DATA IN THIS EXERCISE START

lemma hyp_area_klein_boost_image:
  assumes s: "\<bar>s\<bar> < 1" and S: "compact S" "S \<subseteq> hyp_plane"
  shows "hyp_area (klein_boost s ` S) = hyp_area S"
proof -
  have "integral (klein_boost s ` S) area_density
          = integral S (\<lambda>z. \<bar>real_jacobian (klein_boost_deriv s z)\<bar>
                                * area_density (klein_boost s z))"
  proof (rule integral_change_of_variables_complex)
    show "(klein_boost s has_derivative klein_boost_deriv s z) (at z within S)" if "z \<in> S" for z
      using that S klein_boost_denominator_pos[OF s]
      by (intro klein_boost_has_derivative) (force simp: mem_hyp_plane)
    show "inj_on (klein_boost s) S"
      using S s by (intro inj_on_inverseI[where g = "klein_boost (-s)"])
        (auto simp: klein_boost_inverse mem_hyp_plane)
    show "continuous_on (klein_boost s ` S) area_density"
      using S norm_klein_boost_less_1[OF s]
      by (intro continuous_on_subset[OF continuous_on_area_density]) (auto simp: mem_hyp_plane)
  qed (use S in auto)
  also have "\<dots> = integral S area_density"
    using S s by (intro integral_cong) (auto simp: area_density_klein_boost mem_hyp_plane)
  finally show ?thesis
    by (simp add: hyp_area_eq_integral)
qed

lemma hyp_isometry_klein_boost:
  assumes s: "\<bar>s\<bar> < 1"
  shows "hyp_isometry (klein_boost s)"
  unfolding hyp_isometry_def
proof (intro conjI ballI allI impI)
  have "(klein_boost s has_derivative klein_boost_deriv s z) (at z within hyp_plane)"
    if "z \<in> hyp_plane" for z
    using that klein_boost_denominator_pos[OF s]
    by (intro klein_boost_has_derivative) (force simp: mem_hyp_plane)
  then show "continuous_on hyp_plane (klein_boost s)"
    by (meson continuous_on_eq_continuous_within has_derivative_continuous)
  show "klein_boost s ` hyp_plane \<subseteq> hyp_plane"
    using norm_klein_boost_less_1[OF s] by (auto simp: mem_hyp_plane)
qed (use s in \<open>auto simp: mem_hyp_plane cosh_hdist_klein_boost klein_boost_image_hyp_triangle
        hyp_area_klein_boost_image\<close>)

lemma exists_hyp_isometry_real_pair:
  assumes "b \<in> hyp_plane" "c \<in> hyp_plane" "b \<noteq> c"
  obtains \<Psi> where "hyp_isometry \<Psi>" "Im (\<Psi> b) = 0" "Im (\<Psi> c) = 0"
proof -
  define d where "d = c - b"
  define u where "u = \<i> * cnj d / norm d"
  have "d \<noteq> 0"
    using assms(3) by (simp add: d_def)
  then have u: "norm u = 1"
    by (simp add: u_def norm_divide norm_mult)
  have "u * d = \<i> * norm d"
    using \<open>d \<noteq> 0\<close> complex_norm_square[of d] by (simp add: u_def field_simps power2_eq_square)
  moreover have "Re (u * c) - Re (u * b) = Re (u * d)"
    by (simp add: d_def algebra_simps)
  ultimately have Re_u: "Re (u * c) = Re (u * b)"
    by simp
  define s where "s = Re (u * b)"
  have s: "\<bar>s\<bar> < 1"
    using assms(1) u abs_Re_le_cmod[of "u * b"] by (simp add: s_def mem_hyp_plane norm_mult)
  define \<Psi> where "\<Psi> = (\<lambda>z. - \<i> * z) \<circ> klein_boost s \<circ> (\<lambda>z. u * z)"
  show thesis
  proof
    show "hyp_isometry \<Psi>"
      unfolding \<Psi>_def using u s
      by (intro hyp_isometry_comp hyp_isometry_rotation hyp_isometry_klein_boost) auto
    show "Im (\<Psi> b) = 0" "Im (\<Psi> c) = 0"
      using Re_u by (simp_all add: \<Psi>_def s_def)
  qed
qed

lemma exists_hyp_isometry_normal_position:
  assumes "a \<in> hyp_plane" "b \<in> hyp_plane" "c \<in> hyp_plane" "b \<noteq> c"
  obtains \<Phi> where "hyp_isometry \<Phi>" "Re (\<Phi> a) = 0" "0 \<le> Im (\<Phi> a)" "Im (\<Phi> b) = 0" "Im (\<Phi> c) = 0"
proof -
  obtain \<Psi> where \<Psi>: "hyp_isometry \<Psi>" "Im (\<Psi> b) = 0" "Im (\<Psi> c) = 0"
    using exists_hyp_isometry_real_pair[OF assms(2-4)] .
  define s where "s = Re (\<Psi> a)"
  have s: "\<bar>s\<bar> < 1"
    using hyp_isometry_mem_hyp_plane[OF \<Psi>(1) assms(1)] abs_Re_le_cmod[of "\<Psi> a"]
    by (simp add: s_def mem_hyp_plane)
  define \<sigma> :: complex where "\<sigma> = (if Im (klein_boost s (\<Psi> a)) < 0 then -1 else 1)"
  define \<Phi> where "\<Phi> = (\<lambda>z. \<sigma> * z) \<circ> klein_boost s \<circ> \<Psi>"
  show thesis
  proof
    show "hyp_isometry \<Phi>"
      unfolding \<Phi>_def using \<Psi>(1) s
      by (intro hyp_isometry_comp hyp_isometry_rotation hyp_isometry_klein_boost) (auto simp: \<sigma>_def)
    show "Re (\<Phi> a) = 0" "0 \<le> Im (\<Phi> a)" "Im (\<Phi> b) = 0" "Im (\<Phi> c) = 0"
      using \<Psi>(2,3) by (auto simp: \<Phi>_def \<sigma>_def s_def)
  qed
qed

section \<open>Triangles in normal position\<close>

lemma min_le_abs_mult_le_max:
  fixes \<beta> \<gamma> :: real
  shows "min (\<beta>\<^sup>2) (\<gamma>\<^sup>2) \<le> \<bar>\<beta>\<bar> * \<bar>\<gamma>\<bar>" "\<bar>\<beta>\<bar> * \<bar>\<gamma>\<bar> \<le> max (\<beta>\<^sup>2) (\<gamma>\<^sup>2)"
proof -
  have "\<beta>\<^sup>2 \<le> \<bar>\<beta>\<bar> * \<bar>\<gamma>\<bar> \<and> \<bar>\<beta>\<bar> * \<bar>\<gamma>\<bar> \<le> \<gamma>\<^sup>2" if "\<bar>\<beta>\<bar> \<le> \<bar>\<gamma>\<bar>" for \<beta> \<gamma> :: real
    using that mult_left_mono[OF that, of "\<bar>\<beta>\<bar>"] mult_right_mono[OF that, of "\<bar>\<gamma>\<bar>"]
    by (simp add: power2_eq_square abs_mult_self_eq)
  from this[of \<beta> \<gamma>] this[of \<gamma> \<beta>]
  show "min (\<beta>\<^sup>2) (\<gamma>\<^sup>2) \<le> \<bar>\<beta>\<bar> * \<bar>\<gamma>\<bar>" "\<bar>\<beta>\<bar> * \<bar>\<gamma>\<bar> \<le> max (\<beta>\<^sup>2) (\<gamma>\<^sup>2)"
    by (auto simp: min_def max_def mult.commute abs_le_square_iff[symmetric])
qed

lemma longest_side_sign:
  fixes \<beta> \<gamma> t :: real
  assumes "\<bar>\<beta>\<bar> < 1" "\<bar>\<gamma>\<bar> < 1"
    and "1 - \<beta>\<^sup>2 \<le> (1 - \<beta> * \<gamma>)\<^sup>2 * (1 - t\<^sup>2)" "1 - \<gamma>\<^sup>2 \<le> (1 - \<beta> * \<gamma>)\<^sup>2 * (1 - t\<^sup>2)"
  shows "\<beta> * \<gamma> \<le> 0"
proof (rule ccontr)
  assume "\<not> \<beta> * \<gamma> \<le> 0"
  define \<mu> where "\<mu> = min (\<beta>\<^sup>2) (\<gamma>\<^sup>2)"
  have "\<mu> \<le> \<beta> * \<gamma>" "\<beta> * \<gamma> < 1"
    using min_le_abs_mult_le_max(1)[of \<beta> \<gamma>] \<open>\<not> \<beta> * \<gamma> \<le> 0\<close> mult_strict_mono'[OF assms(1,2)]
    by (simp_all add: \<mu>_def abs_mult[symmetric])
  have "0 < \<mu>" "\<mu> < 1"
    using \<open>\<not> \<beta> * \<gamma> \<le> 0\<close> assms(1,2) by (auto simp: \<mu>_def min_def abs_square_less_1)
  have "1 - \<mu> \<le> (1 - \<beta> * \<gamma>)\<^sup>2 * (1 - t\<^sup>2)"
    using assms(3,4) by (simp add: \<mu>_def min_def)
  also have "\<dots> \<le> (1 - \<beta> * \<gamma>)\<^sup>2"
    by (simp add: mult_left_le)
  also have "\<dots> \<le> (1 - \<mu>)\<^sup>2"
    using \<open>\<mu> \<le> \<beta> * \<gamma>\<close> \<open>\<beta> * \<gamma> < 1\<close> by (intro power_mono) auto
  also have "\<dots> < 1 - \<mu>"
    using \<open>0 < \<mu>\<close> \<open>\<mu> < 1\<close> by (simp add: power2_eq_square)
  finally show False
    by simp
qed

lemma longest_side_altitude_bound:
  fixes \<beta> \<gamma> t :: real
  assumes "\<beta> * \<gamma> \<le> 0" "\<bar>t\<bar> < 1"
    and "1 - \<beta>\<^sup>2 \<le> (1 - \<beta> * \<gamma>)\<^sup>2 * (1 - t\<^sup>2)" "1 - \<gamma>\<^sup>2 \<le> (1 - \<beta> * \<gamma>)\<^sup>2 * (1 - t\<^sup>2)"
  shows "t\<^sup>2 \<le> 3 * max (\<beta>\<^sup>2) (\<gamma>\<^sup>2)"
proof (rule ccontr)
  define M where "M = max (\<beta>\<^sup>2) (\<gamma>\<^sup>2)"
  assume "\<not> t\<^sup>2 \<le> 3 * M"
  have "0 \<le> M" "0 < 1 - t\<^sup>2"
    using assms(2) by (auto simp: M_def max_def abs_square_less_1)
  have "- \<beta> * \<gamma> \<le> M"
    using min_le_abs_mult_le_max(2)[of \<beta> \<gamma>] assms(1) by (simp add: M_def abs_mult[symmetric])
  have "1 - M \<le> (1 - \<beta> * \<gamma>)\<^sup>2 * (1 - t\<^sup>2)"
    using assms(3,4) by (simp add: M_def max_def)
  also have "\<dots> \<le> (1 + M)\<^sup>2 * (1 - t\<^sup>2)"
    using \<open>- \<beta> * \<gamma> \<le> M\<close> assms(1) \<open>0 < 1 - t\<^sup>2\<close> by (intro mult_right_mono power_mono) auto
  also have "\<dots> < (1 + M)\<^sup>2 * (1 - 3 * M)"
    using \<open>\<not> t\<^sup>2 \<le> 3 * M\<close> \<open>0 \<le> M\<close> by (intro mult_strict_left_mono) auto
  also have "\<dots> = 1 - M - 5 * M\<^sup>2 - 3 * M ^ 3"
    by (simp add: power2_eq_square power3_eq_cube algebra_simps)
  also have "\<dots> \<le> 1 - M"
    using zero_le_power[OF \<open>0 \<le> M\<close>, of 3] zero_le_power2[of M] by linarith
  finally show False
    by simp
qed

DATA IN THIS EXERCISE END

Count, in the records above, the lines that contain "noteq", and write only the resulting number.

4